The sector can harness lessons from the pandemic response and continue to evolve new ways of flexible working, by:
- finding flexibility within the flexibility
- engaging with employees to design ongoing flexible work arrangements while being mindful of the need for finding flexibility within the flexibility to maximise opportunities
- balancing the social, collaborative, relational benefits of in person work with forms of flexible work.
- prioritising employee health and safety, regardless of work location
- ensuring remote work arrangements are fit-for-purpose and longer-term arrangements are formalised
- supportive leaders are needed to help set expectations, manage workloads, and manage to outcomes.

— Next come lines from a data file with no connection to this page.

(* There is a universal constant $C>0$ such that for every $N\in\mathbb{N}$ and every $D>0$ the following holds: if $\xi_1,\dots,\xi_N$ are i.i.d. $\mathcal{N}(0,1)$ and $Z=(\sum_{i=1}^N\xi_i^2)^{1/2}$, then there is a discrete random variable $r$ (a function of $Z$) such that $\mathbb{E}(Z-r)^2\le D$ and its Shannon entropy satisfies $H(r)\le C\ln(1/D)$.
   Context: Shannon entropy of a discrete random variable $r$: $H(r)=-\sum_y P[r=y]\ln P[r=y]$.
   Formalization: The parameter D ranges over 0 < D <= 1 only, rather than over every D > 0 as in the bound H(r) <= C ln(1/D). The statement above fails without it. *)

theory Defs
  imports "HOL-Probability.Probability"
begin

definition gauss_space :: "nat \<Rightarrow> (nat \<Rightarrow> real) measure" where
  "gauss_space N = PiM {..<N} (\<lambda>_. density lborel std_normal_density)"

definition chi_norm :: "nat \<Rightarrow> (nat \<Rightarrow> real) \<Rightarrow> real" where
  "chi_norm N \<omega> = sqrt (\<Sum>i<N. (\<omega> i)\<^sup>2)"

definition disc_entropy :: "'a measure \<Rightarrow> ('a \<Rightarrow> 'b) \<Rightarrow> real" where
  "disc_entropy M r =
     (\<Sum>\<^sub>\<infinity> y \<in> r ` space M. - (measure M {x \<in> space M. r x = y} * ln (measure M {x \<in> space M. r x = y})))"

definition finite_disc_entropy :: "'a measure \<Rightarrow> ('a \<Rightarrow> 'b) \<Rightarrow> bool" where
  "finite_disc_entropy M r =
     ((\<lambda>y. - (measure M {x \<in> space M. r x = y} * ln (measure M {x \<in> space M. r x = y})))
        summable_on (r ` space M))"

end

theory Submission
  imports Defs "HOL-Real_Asymp.Real_Asymp"
begin

text \<open>Gaussian integration by parts in the coordinate \<xi>_i gives
  E[\<xi>_i^2 Z^k] = E[Z^k] + k E[\<xi>_i^2 Z^(k-2)], and summing over i yields the recurrence
  E Z^(k+2) = (N + k) E Z^k.  Thus the moments of Z up to the fifth are known in terms of
  m = E Z, and positivity of E[Z p(Z)^2] for a well-chosen quadratic p forces
  m^2 \<ge> N - 1/2.  Hence Var Z \<le> 1/2 and E (Z - m)^4 \<le> 5/4, uniformly in N.  Rounding
  Z - m to a grid of mesh sqrt (D/2), truncated after O(1/D) grid points, costs at most D in
  mean square (the fourth moment pays for the truncation), and a variable taking O(1/D)
  values has entropy O(ln (1/D)).\<close>

section \<open>Gaussian integration by parts\<close>

lemma sqrt_le_one_plus:
  assumes "0 \<le> y"
  shows "sqrt y \<le> 1 + y"
proof -
  have "y \<le> (1 + y)\<^sup>2"
    using assms by (simp add: power2_eq_square algebra_simps add_increasing)
  then show ?thesis
    using assms real_sqrt_le_mono[of y "(1 + y)\<^sup>2"] by simp
qed

lemma integral_deriv_eq_0_at_infinity:
  fixes F f :: "real \<Rightarrow> real"
  assumes deriv: "\<And>x. (F has_real_derivative f x) (at x)" and cont: "\<And>x. isCont f x"
    and int: "integrable lborel f"
    and top: "(F \<longlongrightarrow> 0) at_top" and bot: "(F \<longlongrightarrow> 0) at_bot"
  shows "integral\<^sup>L lborel f = 0"
proof -
  have "(LBINT x=-\<infinity>..\<infinity>. f x) = 0 - 0"
  proof (rule interval_integral_FTC_integrable[where F=F])
    show "((F \<circ> real_of_ereal) \<longlongrightarrow> 0) (at_right (-\<infinity>))"
      unfolding at_right_MInf tendsto_compose_filtermap using bot by (simp add: filtermap_filtermap)
    show "((F \<circ> real_of_ereal) \<longlongrightarrow> 0) (at_left \<infinity>)"
      unfolding at_left_PInf tendsto_compose_filtermap using top by (simp add: filtermap_filtermap)
    show "set_integrable lborel (einterval (- \<infinity>) \<infinity>) f"
      using int by (simp add: set_integrable_def)
  qed (use deriv cont in \<open>auto simp: has_real_derivative_iff_has_vector_derivative\<close>)
  then show ?thesis
    by (simp add: interval_lebesgue_integral_def set_lebesgue_integral_def)
qed

lemma integrable_std_normal_shifted_square_pow:
  "integrable lborel (\<lambda>x. std_normal_density x * (c + x\<^sup>2) ^ n)"
proof -
  have "(\<lambda>x. std_normal_density x * (c + x\<^sup>2) ^ n) =
      (\<lambda>x. \<Sum>j\<le>n. of_nat (n choose j) * c ^ j * (std_normal_density x * x ^ (2 * (n - j))))"
    by (simp add: binomial_ring sum_distrib_left mult_ac flip: power_mult)
  then show ?thesis
    by (simp add: integrable_std_normal_moment)
qed

lemma integrable_std_normal_polynomially_bounded:
  fixes g :: "real \<Rightarrow> real"
  assumes "g \<in> borel_measurable borel" and "\<And>x. \<bar>g x\<bar> \<le> (c + x\<^sup>2) ^ n"
  shows "integrable lborel (\<lambda>x. std_normal_density x * g x)"
proof (rule Bochner_Integration.integrable_bound[OF integrable_std_normal_shifted_square_pow])
  show "AE x in lborel. norm (std_normal_density x * g x) \<le> norm (std_normal_density x * (c + x\<^sup>2) ^ n)"
  proof (rule AE_I2)
    fix x
    have "\<bar>g x\<bar> \<le> \<bar>(c + x\<^sup>2) ^ n\<bar>"
      using assms(2)[of x] by linarith
    then show "norm (std_normal_density x * g x) \<le> norm (std_normal_density x * (c + x\<^sup>2) ^ n)"
      by (simp add: abs_mult mult_left_mono)
  qed
qed (use assms(1) in measurable)

lemma
  fixes a :: real
  assumes a: "0 \<le> a"
  shows integrable_std_normal_sqrt_shift_pow:
      "integrable lborel (\<lambda>x. std_normal_density x * sqrt (a + x\<^sup>2) ^ k)"
    and integrable_std_normal_sq_mult_sqrt_shift_pow:
      "integrable lborel (\<lambda>x. std_normal_density x * (x\<^sup>2 * sqrt (a + x\<^sup>2) ^ k))"
    and integrable_std_normal_sq_mult_sqrt_shift_pow_div:
      "integrable lborel
         (\<lambda>x. std_normal_density x * (x\<^sup>2 * sqrt (a + x\<^sup>2) ^ k / sqrt (a + x\<^sup>2) ^ 2))"
proof -
  define u where "u x = 1 + a + x\<^sup>2" for x
  have u1: "1 \<le> u x" for x
    using a by (simp add: u_def)
  have sk: "sqrt (a + x\<^sup>2) ^ k \<le> u x ^ k" for x
    using a sqrt_le_one_plus[of "a + x\<^sup>2"] by (intro power_mono) (simp_all add: u_def add.assoc)
  have sk_Suc: "\<bar>sqrt (a + x\<^sup>2) ^ k\<bar> \<le> u x ^ Suc k" for x
  proof -
    have "0 \<le> sqrt (a + x\<^sup>2) ^ k"
      using a by simp
    then show ?thesis
      using sk[of x] power_increasing[of k "Suc k" "u x"] u1[of x] by linarith
  qed
  have x2sk: "\<bar>x\<^sup>2 * sqrt (a + x\<^sup>2) ^ k\<bar> \<le> u x ^ Suc k" for x
  proof -
    have "x\<^sup>2 * sqrt (a + x\<^sup>2) ^ k \<le> u x * u x ^ k"
      using a sk[of x] by (intro mult_mono) (simp_all add: u_def)
    moreover have "0 \<le> x\<^sup>2 * sqrt (a + x\<^sup>2) ^ k"
      using a by simp
    ultimately show ?thesis by simp
  qed
  have div: "\<bar>x\<^sup>2 * sqrt (a + x\<^sup>2) ^ k / sqrt (a + x\<^sup>2) ^ 2\<bar> \<le> u x ^ Suc k" for x
  proof (cases "a + x\<^sup>2 = 0")
    case False
    then have "0 < a + x\<^sup>2"
      using a by (simp add: order_le_neq_trans)
    then have "x\<^sup>2 * sqrt (a + x\<^sup>2) ^ k / sqrt (a + x\<^sup>2) ^ 2 \<le> sqrt (a + x\<^sup>2) ^ k"
      using a by (simp add: divide_le_eq mult_right_mono)
    moreover have "0 \<le> x\<^sup>2 * sqrt (a + x\<^sup>2) ^ k / sqrt (a + x\<^sup>2) ^ 2"
      using a by simp
    ultimately show ?thesis
      using sk_Suc[of x] by linarith
  qed (use u1[of x] in simp)
  show "integrable lborel (\<lambda>x. std_normal_density x * sqrt (a + x\<^sup>2) ^ k)"
    using sk_Suc unfolding u_def
    by (intro integrable_std_normal_polynomially_bounded[where c = "1 + a" and n = "Suc k"])
      (simp_all add: add.assoc)
  show "integrable lborel (\<lambda>x. std_normal_density x * (x\<^sup>2 * sqrt (a + x\<^sup>2) ^ k))"
    using x2sk unfolding u_def
    by (intro integrable_std_normal_polynomially_bounded[where c = "1 + a" and n = "Suc k"])
      (simp_all add: add.assoc)
  show "integrable lborel
         (\<lambda>x. std_normal_density x * (x\<^sup>2 * sqrt (a + x\<^sup>2) ^ k / sqrt (a + x\<^sup>2) ^ 2))"
    using div unfolding u_def
    by (intro integrable_std_normal_polynomially_bounded[where c = "1 + a" and n = "Suc k"])
      (simp_all add: add.assoc)
qed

- supporting managers to maximise opportunities and minimise the challenges
- recognising the leadership capabilities needed to optimise individual and team performance in new and different environments
- designing work to facilitate effective remote working
- building skills in empowerment, trust and creating autonomy – checking in not checking up.
Flexible by Design is part of the Agile and flexible working strategic imperative within the 10 year human capital outlook – a different workforce future by design.